**Exercise**. From the data below, retype exactly the lines starting with the one that contains "using L(1) by" and ending with the one that contains "inj by fastforce", both included.

**Data to use**.
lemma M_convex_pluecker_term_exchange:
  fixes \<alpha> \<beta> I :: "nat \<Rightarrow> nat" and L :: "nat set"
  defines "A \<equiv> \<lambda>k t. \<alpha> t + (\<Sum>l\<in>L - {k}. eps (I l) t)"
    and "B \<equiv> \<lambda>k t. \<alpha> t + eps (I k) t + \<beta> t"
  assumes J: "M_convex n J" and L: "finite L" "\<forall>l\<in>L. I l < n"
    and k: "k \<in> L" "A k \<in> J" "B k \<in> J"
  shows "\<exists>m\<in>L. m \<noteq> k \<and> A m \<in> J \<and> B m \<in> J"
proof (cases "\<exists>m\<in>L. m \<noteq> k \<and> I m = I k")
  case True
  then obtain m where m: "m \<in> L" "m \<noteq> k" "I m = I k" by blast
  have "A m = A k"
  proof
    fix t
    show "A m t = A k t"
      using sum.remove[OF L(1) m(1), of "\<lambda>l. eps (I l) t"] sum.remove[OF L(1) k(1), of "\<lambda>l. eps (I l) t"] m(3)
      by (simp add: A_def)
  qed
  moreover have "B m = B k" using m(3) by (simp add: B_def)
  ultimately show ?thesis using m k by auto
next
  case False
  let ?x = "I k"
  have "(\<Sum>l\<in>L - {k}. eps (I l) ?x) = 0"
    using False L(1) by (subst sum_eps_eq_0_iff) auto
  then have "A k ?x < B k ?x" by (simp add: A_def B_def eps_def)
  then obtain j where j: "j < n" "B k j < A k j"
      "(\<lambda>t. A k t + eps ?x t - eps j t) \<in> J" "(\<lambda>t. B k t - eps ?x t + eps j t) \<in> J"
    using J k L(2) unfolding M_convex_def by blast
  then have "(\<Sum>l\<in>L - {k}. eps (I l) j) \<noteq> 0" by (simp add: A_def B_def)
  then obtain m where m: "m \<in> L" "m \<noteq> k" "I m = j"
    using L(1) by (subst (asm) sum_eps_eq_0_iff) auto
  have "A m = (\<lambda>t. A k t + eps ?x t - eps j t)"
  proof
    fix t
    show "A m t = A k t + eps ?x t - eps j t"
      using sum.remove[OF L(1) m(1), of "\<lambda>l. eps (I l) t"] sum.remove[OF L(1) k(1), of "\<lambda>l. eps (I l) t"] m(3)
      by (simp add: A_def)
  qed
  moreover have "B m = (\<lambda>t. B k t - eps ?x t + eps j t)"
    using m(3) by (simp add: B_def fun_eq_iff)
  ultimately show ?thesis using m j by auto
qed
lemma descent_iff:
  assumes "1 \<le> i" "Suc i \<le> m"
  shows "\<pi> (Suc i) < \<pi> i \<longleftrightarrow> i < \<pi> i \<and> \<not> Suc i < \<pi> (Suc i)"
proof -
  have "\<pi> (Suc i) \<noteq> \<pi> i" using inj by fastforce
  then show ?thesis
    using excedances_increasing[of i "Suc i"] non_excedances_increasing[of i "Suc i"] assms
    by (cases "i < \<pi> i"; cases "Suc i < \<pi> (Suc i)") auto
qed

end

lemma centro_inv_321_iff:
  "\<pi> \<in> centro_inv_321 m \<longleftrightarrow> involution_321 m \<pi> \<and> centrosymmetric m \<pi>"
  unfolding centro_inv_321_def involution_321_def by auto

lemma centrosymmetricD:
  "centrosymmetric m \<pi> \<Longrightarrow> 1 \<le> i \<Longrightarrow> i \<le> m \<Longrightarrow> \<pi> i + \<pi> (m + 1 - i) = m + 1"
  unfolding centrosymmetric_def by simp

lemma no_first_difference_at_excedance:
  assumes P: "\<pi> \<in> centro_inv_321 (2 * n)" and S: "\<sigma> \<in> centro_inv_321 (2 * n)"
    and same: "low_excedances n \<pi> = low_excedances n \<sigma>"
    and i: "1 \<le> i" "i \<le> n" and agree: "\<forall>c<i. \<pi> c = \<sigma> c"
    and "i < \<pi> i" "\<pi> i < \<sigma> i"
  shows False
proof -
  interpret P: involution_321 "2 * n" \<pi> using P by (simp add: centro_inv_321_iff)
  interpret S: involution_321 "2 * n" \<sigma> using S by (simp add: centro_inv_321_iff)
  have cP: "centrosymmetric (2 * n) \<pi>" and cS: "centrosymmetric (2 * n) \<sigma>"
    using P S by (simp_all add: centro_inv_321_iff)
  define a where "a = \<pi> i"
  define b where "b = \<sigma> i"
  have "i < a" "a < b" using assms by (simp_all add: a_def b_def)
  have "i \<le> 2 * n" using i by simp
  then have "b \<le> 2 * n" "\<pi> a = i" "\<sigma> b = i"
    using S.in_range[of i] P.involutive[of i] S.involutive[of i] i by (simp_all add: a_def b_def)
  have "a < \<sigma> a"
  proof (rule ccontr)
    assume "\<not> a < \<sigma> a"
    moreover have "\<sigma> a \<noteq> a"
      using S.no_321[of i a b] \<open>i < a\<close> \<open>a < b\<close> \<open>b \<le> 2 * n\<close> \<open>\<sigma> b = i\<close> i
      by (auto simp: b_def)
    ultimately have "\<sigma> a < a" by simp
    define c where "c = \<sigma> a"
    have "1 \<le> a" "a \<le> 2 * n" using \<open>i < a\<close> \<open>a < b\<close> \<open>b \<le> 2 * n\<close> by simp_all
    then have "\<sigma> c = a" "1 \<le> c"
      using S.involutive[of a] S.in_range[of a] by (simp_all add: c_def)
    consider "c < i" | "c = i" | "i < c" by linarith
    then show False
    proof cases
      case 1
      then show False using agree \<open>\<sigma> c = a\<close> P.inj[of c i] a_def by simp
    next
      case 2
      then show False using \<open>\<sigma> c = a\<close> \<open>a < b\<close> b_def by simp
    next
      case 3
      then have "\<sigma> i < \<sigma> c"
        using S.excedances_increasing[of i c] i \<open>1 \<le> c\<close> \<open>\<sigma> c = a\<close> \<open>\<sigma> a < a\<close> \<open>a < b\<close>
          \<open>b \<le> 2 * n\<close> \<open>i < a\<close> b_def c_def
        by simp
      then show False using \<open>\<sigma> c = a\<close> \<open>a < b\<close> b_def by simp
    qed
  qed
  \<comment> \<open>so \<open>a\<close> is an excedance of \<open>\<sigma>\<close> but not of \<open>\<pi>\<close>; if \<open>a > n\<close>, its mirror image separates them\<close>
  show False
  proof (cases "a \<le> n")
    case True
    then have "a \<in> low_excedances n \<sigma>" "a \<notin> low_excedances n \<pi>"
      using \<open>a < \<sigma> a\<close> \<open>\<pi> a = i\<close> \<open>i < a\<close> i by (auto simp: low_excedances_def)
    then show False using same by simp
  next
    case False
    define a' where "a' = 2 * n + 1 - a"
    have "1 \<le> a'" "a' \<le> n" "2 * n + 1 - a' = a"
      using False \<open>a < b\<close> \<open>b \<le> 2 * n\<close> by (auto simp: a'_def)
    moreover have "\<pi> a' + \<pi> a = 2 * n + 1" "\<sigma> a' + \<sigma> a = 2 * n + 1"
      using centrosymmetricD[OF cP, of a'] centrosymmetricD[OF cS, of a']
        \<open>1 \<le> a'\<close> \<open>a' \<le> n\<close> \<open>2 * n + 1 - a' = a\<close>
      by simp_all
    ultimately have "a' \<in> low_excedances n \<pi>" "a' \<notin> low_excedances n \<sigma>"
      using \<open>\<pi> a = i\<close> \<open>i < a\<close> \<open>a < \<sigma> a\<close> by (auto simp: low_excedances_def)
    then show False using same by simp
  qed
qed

**Exercise output**.
    using L(1) by (subst (asm) sum_eps_eq_0_iff) auto
  have "A m = (\<lambda>t. A k t + eps ?x t - eps j t)"
  proof
    fix t
    show "A m t = A k t + eps ?x t - eps j t"
      using sum.remove[OF L(1) m(1), of "\<lambda>l. eps (I l) t"] sum.remove[OF L(1) k(1), of "\<lambda>l. eps (I l) t"] m(3)
      by (simp add: A_def)
  qed
  moreover have "B m = (\<lambda>t. B k t - eps ?x t + eps j t)"
    using m(3) by (simp add: B_def fun_eq_iff)
  ultimately show ?thesis using m j by auto
qed
lemma descent_iff:
  assumes "1 \<le> i" "Suc i \<le> m"
  shows "\<pi> (Suc i) < \<pi> i \<longleftrightarrow> i < \<pi> i \<and> \<not> Suc i < \<pi> (Suc i)"
proof -
  have "\<pi> (Suc i) \<noteq> \<pi> i" using inj by fastforce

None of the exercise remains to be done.